Instructions for the task — Within the entries below, find each line containing the word "unfolding" and copy it.

═════ Provided records

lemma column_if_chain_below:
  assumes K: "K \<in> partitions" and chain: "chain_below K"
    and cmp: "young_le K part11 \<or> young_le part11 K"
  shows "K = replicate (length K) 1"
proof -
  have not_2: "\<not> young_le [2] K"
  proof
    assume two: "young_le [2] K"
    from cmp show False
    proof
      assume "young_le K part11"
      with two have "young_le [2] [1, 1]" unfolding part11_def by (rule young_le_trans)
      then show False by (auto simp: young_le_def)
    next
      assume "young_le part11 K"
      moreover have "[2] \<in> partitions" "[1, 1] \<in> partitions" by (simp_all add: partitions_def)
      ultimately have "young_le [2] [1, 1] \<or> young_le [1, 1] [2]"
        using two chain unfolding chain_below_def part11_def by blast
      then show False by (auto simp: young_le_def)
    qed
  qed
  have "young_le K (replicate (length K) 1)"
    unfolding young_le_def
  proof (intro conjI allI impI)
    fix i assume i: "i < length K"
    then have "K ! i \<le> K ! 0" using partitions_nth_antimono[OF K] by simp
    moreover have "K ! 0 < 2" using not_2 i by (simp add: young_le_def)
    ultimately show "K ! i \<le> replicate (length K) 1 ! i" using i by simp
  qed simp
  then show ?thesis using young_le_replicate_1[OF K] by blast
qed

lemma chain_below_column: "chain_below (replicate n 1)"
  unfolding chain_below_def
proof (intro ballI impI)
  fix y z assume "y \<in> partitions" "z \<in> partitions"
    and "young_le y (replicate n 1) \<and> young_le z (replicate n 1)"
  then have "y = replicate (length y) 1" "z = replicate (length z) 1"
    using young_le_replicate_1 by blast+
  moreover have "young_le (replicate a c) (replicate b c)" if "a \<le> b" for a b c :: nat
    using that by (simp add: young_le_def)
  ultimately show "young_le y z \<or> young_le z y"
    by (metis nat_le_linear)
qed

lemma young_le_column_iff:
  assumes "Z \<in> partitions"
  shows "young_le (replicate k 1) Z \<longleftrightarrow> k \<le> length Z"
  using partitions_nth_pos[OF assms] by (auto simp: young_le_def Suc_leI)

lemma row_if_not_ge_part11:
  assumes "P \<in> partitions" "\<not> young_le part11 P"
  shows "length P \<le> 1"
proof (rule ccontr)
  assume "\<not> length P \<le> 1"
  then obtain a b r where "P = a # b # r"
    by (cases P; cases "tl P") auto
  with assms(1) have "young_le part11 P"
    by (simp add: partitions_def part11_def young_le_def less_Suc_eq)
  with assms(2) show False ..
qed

══════════
═════ Provided records

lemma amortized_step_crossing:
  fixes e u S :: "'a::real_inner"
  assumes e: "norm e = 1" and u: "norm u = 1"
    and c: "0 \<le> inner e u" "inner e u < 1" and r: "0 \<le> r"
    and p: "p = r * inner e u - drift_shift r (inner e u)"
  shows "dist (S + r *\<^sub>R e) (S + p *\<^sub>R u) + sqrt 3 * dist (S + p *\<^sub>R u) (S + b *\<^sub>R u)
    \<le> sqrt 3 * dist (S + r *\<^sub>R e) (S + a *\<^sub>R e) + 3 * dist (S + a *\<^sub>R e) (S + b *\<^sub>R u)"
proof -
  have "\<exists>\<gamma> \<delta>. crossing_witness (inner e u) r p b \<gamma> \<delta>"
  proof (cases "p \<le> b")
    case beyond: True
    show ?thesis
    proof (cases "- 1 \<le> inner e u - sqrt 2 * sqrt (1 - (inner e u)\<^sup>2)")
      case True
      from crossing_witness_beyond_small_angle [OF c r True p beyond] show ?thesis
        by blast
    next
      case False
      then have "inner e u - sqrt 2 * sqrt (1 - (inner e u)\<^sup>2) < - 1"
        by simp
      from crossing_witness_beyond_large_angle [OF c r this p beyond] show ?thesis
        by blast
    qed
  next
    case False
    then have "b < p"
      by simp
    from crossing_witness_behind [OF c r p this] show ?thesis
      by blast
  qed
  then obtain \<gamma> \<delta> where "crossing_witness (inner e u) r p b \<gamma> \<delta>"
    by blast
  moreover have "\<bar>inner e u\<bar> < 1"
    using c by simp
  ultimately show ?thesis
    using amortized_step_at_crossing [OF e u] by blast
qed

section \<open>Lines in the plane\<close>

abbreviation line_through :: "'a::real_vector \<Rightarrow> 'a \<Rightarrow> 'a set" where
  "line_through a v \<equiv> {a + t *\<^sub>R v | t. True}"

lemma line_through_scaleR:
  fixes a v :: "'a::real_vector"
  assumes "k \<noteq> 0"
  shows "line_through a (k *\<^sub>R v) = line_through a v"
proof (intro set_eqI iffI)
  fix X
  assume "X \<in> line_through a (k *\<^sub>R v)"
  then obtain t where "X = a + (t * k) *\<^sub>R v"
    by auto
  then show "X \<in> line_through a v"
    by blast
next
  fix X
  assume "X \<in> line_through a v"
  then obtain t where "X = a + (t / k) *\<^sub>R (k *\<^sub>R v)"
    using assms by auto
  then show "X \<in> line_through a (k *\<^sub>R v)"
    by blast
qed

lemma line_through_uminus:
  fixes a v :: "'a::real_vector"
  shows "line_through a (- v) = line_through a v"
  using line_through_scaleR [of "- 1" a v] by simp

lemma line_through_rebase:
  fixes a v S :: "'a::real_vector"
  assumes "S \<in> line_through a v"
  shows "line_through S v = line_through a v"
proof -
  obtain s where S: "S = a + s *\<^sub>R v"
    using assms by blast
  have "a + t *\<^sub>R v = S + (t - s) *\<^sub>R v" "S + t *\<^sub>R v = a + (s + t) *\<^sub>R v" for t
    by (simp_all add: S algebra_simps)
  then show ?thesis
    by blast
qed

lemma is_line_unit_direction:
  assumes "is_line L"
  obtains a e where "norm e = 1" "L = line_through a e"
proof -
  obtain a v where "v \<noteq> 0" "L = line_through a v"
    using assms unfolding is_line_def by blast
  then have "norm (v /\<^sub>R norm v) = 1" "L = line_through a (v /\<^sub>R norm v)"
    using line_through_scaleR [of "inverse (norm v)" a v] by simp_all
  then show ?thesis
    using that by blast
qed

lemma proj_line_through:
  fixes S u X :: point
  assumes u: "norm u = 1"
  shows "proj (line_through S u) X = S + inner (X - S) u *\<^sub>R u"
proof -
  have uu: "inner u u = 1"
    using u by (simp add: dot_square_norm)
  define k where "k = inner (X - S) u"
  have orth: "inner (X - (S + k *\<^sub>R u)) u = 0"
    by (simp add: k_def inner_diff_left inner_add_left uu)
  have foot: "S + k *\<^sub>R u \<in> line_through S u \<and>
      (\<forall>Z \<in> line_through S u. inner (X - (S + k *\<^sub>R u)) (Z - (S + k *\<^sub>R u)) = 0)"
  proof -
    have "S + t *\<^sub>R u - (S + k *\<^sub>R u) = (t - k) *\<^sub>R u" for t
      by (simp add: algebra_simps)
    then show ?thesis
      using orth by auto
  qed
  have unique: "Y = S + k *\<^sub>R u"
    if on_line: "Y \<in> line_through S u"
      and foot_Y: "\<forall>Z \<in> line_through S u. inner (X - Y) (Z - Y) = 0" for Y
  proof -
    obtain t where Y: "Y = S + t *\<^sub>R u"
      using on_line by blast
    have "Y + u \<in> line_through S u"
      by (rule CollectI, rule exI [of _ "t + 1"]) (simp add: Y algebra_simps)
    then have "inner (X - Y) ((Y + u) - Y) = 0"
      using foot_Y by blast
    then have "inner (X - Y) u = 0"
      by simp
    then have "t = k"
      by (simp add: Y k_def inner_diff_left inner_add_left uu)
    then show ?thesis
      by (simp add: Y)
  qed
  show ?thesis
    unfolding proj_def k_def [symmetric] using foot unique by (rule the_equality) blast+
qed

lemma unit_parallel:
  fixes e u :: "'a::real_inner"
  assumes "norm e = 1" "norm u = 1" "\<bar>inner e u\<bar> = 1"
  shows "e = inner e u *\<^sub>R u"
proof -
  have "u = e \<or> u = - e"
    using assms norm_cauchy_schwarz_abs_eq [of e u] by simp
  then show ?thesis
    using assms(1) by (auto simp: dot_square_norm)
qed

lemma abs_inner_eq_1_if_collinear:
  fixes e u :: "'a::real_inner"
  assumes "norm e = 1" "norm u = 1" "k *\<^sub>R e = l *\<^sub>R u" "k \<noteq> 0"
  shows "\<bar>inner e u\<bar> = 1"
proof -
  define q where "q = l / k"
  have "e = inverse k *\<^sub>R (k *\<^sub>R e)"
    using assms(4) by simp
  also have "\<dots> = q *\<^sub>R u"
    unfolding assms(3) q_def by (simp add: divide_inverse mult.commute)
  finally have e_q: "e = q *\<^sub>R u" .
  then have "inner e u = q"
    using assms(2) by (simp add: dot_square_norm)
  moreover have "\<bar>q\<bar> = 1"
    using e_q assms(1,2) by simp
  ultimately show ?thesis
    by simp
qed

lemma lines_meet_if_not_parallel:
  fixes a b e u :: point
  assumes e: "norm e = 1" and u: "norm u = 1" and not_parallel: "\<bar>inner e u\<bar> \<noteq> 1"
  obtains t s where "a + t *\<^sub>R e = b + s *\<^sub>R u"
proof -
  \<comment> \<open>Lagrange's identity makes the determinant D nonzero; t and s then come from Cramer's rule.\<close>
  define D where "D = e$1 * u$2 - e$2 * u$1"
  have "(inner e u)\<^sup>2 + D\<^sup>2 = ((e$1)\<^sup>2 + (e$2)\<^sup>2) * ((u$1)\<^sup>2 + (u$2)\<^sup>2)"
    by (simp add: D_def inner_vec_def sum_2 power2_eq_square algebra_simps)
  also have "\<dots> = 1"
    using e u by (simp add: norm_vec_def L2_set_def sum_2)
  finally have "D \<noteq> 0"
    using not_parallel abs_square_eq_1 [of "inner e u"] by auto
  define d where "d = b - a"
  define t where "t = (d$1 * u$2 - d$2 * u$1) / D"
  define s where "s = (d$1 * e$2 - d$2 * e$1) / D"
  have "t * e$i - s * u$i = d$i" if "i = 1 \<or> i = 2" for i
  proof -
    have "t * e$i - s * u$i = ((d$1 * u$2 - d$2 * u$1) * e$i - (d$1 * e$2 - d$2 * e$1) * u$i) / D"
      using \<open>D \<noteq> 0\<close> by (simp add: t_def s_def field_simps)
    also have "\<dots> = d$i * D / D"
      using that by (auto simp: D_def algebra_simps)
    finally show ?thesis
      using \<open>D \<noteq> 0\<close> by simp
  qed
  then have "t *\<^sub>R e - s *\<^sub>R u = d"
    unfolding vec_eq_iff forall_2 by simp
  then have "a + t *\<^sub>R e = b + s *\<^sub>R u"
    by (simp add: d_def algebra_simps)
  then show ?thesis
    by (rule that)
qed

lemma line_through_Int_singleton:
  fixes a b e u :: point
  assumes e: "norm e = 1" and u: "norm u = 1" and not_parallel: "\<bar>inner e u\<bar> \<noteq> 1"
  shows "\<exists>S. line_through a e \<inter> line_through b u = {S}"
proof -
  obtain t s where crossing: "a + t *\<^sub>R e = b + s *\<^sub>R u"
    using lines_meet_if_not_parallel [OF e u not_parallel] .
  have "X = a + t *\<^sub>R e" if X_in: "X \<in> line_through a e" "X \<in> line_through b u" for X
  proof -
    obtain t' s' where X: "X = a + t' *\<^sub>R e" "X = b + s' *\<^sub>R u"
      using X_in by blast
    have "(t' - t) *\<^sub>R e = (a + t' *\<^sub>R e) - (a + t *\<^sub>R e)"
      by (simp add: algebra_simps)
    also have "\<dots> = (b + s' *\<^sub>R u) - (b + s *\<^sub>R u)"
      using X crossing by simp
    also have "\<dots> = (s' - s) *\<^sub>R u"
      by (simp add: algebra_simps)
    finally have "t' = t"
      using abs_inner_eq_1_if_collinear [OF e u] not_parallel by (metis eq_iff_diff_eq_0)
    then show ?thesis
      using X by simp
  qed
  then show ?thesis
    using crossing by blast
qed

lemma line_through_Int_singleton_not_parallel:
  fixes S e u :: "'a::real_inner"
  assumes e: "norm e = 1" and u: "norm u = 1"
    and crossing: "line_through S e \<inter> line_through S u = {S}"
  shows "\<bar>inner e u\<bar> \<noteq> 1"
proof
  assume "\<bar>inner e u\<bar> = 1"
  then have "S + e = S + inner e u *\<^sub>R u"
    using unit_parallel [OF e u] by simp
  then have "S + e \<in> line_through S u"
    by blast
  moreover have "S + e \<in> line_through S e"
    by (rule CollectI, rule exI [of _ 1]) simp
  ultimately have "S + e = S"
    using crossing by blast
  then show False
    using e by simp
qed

══════════

Result —
      with two have "young_le [2] [1, 1]" unfolding part11_def by (rule young_le_trans)
        using two chain unfolding chain_below_def part11_def by blast
    unfolding young_le_def
  unfolding chain_below_def
    using assms unfolding is_line_def by blast
    unfolding proj_def k_def [symmetric] using foot unique by (rule the_equality) blast+
    unfolding assms(3) q_def by (simp add: divide_inverse mult.commute)
    unfolding vec_eq_iff forall_2 by simp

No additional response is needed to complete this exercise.